TASK OBJECTIVE
Tally the lines below that include the string "each". Reply with the total only.

EXERCISE INPUT

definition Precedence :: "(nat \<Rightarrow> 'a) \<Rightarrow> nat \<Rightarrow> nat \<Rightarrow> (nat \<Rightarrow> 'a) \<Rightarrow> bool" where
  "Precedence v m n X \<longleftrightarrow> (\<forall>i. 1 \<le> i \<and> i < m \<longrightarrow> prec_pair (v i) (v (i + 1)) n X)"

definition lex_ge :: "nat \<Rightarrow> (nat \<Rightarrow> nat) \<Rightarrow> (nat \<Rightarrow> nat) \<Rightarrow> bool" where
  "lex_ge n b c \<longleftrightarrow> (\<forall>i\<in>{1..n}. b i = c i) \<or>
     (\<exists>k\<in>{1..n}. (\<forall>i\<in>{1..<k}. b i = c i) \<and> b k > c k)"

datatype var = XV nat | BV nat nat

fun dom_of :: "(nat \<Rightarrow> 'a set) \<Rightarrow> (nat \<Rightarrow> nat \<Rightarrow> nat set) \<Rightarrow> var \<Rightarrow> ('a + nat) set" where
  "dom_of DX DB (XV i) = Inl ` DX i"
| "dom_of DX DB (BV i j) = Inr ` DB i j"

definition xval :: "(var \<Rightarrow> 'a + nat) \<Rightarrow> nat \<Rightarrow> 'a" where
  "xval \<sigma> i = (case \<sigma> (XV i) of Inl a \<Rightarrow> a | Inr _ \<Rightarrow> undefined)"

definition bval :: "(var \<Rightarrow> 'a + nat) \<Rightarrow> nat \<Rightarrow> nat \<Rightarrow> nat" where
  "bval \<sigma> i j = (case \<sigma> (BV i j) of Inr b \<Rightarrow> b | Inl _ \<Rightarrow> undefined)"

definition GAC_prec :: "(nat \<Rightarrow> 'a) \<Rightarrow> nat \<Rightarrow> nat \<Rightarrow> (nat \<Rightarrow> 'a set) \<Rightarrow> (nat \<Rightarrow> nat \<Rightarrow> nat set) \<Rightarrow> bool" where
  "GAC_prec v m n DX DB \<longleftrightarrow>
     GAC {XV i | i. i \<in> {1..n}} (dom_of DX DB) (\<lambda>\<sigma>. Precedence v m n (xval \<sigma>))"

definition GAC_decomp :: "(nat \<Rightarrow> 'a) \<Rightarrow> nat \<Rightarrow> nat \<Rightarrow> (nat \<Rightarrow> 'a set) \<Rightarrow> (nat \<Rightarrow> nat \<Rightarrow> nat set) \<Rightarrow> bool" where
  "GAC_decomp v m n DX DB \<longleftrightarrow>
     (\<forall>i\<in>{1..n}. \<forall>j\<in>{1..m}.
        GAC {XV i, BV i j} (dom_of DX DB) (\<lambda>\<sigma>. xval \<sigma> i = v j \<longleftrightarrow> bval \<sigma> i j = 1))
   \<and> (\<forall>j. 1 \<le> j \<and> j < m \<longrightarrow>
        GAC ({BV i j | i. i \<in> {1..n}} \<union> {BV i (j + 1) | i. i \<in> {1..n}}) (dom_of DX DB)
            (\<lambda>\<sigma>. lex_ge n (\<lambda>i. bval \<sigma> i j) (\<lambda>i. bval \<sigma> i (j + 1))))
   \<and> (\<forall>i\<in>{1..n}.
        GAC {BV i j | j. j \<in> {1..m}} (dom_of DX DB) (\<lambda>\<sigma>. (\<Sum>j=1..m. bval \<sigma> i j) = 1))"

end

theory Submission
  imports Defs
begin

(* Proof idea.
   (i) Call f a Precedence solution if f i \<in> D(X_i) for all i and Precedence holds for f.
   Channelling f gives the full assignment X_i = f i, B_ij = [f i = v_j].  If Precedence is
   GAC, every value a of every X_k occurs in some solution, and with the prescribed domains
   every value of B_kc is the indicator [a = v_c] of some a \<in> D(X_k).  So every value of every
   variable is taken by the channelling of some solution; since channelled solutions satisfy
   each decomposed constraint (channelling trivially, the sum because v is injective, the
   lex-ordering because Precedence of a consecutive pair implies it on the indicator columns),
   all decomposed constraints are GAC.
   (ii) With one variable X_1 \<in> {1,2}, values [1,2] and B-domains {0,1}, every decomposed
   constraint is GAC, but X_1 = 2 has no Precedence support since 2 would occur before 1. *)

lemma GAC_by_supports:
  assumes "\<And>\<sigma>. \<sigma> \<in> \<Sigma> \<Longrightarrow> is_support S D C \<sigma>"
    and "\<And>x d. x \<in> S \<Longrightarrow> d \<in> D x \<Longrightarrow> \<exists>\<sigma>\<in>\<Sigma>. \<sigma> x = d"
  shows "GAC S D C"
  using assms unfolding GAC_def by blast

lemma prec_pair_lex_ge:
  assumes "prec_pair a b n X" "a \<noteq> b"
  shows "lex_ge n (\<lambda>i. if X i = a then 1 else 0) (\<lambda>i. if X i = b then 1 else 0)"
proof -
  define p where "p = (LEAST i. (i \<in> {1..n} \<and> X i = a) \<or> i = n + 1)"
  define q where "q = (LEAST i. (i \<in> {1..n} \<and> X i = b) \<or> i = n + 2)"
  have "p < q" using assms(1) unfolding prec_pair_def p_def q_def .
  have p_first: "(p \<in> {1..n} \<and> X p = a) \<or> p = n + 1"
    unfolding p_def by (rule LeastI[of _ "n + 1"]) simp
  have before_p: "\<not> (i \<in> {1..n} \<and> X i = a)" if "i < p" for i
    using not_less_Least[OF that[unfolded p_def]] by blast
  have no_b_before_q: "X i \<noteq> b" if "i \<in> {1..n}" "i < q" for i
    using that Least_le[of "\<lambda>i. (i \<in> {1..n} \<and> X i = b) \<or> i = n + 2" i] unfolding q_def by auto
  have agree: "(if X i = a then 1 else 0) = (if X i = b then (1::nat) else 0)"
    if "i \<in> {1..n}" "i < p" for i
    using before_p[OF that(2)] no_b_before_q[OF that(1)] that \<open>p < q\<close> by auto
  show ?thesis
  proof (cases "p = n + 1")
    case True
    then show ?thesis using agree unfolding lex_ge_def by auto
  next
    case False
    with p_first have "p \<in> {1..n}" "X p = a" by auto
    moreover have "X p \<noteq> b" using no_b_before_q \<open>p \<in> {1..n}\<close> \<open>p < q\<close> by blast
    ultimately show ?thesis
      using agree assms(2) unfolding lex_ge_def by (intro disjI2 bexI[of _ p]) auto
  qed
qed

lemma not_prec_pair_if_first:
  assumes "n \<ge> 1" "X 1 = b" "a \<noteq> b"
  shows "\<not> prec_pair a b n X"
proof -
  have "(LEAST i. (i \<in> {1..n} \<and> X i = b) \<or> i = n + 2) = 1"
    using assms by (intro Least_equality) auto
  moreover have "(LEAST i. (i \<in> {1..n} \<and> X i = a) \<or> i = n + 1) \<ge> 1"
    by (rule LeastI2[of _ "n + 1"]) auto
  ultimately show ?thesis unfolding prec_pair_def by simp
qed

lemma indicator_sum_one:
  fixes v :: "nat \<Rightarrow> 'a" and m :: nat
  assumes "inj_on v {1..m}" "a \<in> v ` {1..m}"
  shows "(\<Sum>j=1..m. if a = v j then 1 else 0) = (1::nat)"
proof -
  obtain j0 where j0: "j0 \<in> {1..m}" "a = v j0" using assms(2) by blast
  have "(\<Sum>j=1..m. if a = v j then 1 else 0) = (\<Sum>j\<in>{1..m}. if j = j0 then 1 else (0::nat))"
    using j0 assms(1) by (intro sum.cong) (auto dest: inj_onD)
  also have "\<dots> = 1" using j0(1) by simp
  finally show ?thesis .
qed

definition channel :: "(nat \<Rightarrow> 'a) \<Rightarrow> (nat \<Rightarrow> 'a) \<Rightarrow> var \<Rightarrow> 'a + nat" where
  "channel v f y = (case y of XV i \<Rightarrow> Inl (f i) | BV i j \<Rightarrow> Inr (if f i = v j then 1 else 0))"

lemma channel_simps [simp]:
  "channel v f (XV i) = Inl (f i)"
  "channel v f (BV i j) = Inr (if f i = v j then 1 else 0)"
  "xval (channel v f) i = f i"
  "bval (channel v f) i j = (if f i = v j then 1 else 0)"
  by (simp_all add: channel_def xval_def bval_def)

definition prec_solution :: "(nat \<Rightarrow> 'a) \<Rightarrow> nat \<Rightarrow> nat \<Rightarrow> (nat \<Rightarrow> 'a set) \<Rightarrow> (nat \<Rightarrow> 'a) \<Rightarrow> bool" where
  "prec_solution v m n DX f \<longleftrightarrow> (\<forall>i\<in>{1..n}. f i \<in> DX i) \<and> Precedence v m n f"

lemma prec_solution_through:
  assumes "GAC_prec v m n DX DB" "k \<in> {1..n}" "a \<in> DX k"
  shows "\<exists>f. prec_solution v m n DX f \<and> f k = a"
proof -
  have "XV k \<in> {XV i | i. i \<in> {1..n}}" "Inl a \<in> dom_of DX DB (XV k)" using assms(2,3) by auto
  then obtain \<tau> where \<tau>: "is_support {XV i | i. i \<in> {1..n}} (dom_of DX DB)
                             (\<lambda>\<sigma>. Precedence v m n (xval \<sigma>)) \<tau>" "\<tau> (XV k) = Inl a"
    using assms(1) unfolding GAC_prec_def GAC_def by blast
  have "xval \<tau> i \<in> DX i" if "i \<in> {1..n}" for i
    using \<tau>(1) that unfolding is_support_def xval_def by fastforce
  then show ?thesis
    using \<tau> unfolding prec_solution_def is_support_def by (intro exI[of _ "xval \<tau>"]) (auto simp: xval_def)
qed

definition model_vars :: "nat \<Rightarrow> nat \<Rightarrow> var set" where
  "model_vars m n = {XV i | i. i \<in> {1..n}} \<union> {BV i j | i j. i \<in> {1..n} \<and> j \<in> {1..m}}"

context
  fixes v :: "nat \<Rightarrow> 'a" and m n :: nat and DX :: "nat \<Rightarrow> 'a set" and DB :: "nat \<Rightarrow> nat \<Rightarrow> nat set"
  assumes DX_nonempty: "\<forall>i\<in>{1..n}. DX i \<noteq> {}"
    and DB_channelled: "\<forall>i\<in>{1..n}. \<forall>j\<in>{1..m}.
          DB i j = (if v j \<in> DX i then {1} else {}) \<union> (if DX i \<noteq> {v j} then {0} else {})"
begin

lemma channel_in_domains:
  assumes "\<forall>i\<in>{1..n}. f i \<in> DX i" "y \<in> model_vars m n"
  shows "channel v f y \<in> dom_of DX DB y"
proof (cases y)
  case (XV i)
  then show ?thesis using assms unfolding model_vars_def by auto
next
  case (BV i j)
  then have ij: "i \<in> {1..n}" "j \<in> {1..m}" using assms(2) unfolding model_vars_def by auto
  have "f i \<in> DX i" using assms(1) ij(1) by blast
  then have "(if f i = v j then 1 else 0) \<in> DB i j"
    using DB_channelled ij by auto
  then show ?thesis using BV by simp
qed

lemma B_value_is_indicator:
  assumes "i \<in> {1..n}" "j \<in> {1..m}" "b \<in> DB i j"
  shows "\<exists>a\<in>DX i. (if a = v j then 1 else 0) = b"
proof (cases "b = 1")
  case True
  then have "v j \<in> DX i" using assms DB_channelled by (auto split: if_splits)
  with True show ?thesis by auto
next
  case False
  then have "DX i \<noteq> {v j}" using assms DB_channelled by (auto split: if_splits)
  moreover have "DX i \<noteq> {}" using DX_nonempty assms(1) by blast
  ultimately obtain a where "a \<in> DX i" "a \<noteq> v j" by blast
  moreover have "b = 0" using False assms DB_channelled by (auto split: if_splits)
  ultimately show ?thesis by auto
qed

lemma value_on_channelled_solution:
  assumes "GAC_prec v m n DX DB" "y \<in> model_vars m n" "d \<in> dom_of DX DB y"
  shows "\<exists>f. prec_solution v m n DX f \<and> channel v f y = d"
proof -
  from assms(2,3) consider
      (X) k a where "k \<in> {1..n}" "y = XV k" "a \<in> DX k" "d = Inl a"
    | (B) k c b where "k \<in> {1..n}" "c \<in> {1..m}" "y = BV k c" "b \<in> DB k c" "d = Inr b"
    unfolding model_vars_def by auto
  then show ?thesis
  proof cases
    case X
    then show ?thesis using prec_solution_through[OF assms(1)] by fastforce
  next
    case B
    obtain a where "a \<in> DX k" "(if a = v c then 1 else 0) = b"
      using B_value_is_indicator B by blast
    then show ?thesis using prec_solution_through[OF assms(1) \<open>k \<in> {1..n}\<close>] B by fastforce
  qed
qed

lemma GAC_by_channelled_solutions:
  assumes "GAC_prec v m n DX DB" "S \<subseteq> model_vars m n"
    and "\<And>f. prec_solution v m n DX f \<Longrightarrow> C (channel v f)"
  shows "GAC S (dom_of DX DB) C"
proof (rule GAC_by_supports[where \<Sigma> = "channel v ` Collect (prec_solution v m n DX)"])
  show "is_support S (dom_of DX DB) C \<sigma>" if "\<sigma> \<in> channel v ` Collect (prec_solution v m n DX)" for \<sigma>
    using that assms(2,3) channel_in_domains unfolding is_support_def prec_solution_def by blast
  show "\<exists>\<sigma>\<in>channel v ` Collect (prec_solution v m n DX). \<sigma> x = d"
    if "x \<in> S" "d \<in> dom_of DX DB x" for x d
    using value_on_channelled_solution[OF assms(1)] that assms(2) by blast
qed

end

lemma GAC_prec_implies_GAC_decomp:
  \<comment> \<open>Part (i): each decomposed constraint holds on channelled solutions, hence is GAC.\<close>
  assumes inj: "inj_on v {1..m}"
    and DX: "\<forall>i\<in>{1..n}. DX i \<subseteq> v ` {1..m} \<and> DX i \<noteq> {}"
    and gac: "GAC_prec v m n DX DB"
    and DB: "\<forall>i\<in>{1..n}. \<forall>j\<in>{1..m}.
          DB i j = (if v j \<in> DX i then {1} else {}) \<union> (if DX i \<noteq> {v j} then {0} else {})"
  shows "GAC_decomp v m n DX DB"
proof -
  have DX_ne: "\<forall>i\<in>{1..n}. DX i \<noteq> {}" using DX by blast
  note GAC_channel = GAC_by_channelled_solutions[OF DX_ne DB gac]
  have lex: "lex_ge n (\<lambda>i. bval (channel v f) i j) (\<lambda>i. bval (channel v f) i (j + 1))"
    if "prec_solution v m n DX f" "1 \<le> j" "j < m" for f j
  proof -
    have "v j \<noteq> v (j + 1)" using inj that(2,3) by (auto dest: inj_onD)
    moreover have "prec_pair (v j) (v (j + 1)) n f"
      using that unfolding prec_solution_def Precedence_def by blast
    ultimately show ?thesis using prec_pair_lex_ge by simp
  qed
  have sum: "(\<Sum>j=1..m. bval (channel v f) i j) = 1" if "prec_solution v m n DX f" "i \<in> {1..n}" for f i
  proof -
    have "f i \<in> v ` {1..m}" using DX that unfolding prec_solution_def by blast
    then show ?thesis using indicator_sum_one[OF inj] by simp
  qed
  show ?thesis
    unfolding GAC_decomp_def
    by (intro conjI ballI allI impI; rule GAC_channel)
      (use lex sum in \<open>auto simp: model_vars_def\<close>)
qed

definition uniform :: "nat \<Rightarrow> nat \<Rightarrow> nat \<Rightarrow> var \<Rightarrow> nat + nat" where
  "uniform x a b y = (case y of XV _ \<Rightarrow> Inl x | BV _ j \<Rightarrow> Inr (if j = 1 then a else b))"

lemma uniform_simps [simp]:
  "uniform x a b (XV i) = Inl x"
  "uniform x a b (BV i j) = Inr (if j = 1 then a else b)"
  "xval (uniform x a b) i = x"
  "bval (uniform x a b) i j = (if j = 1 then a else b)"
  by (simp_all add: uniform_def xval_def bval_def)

TASK SOLUTION
2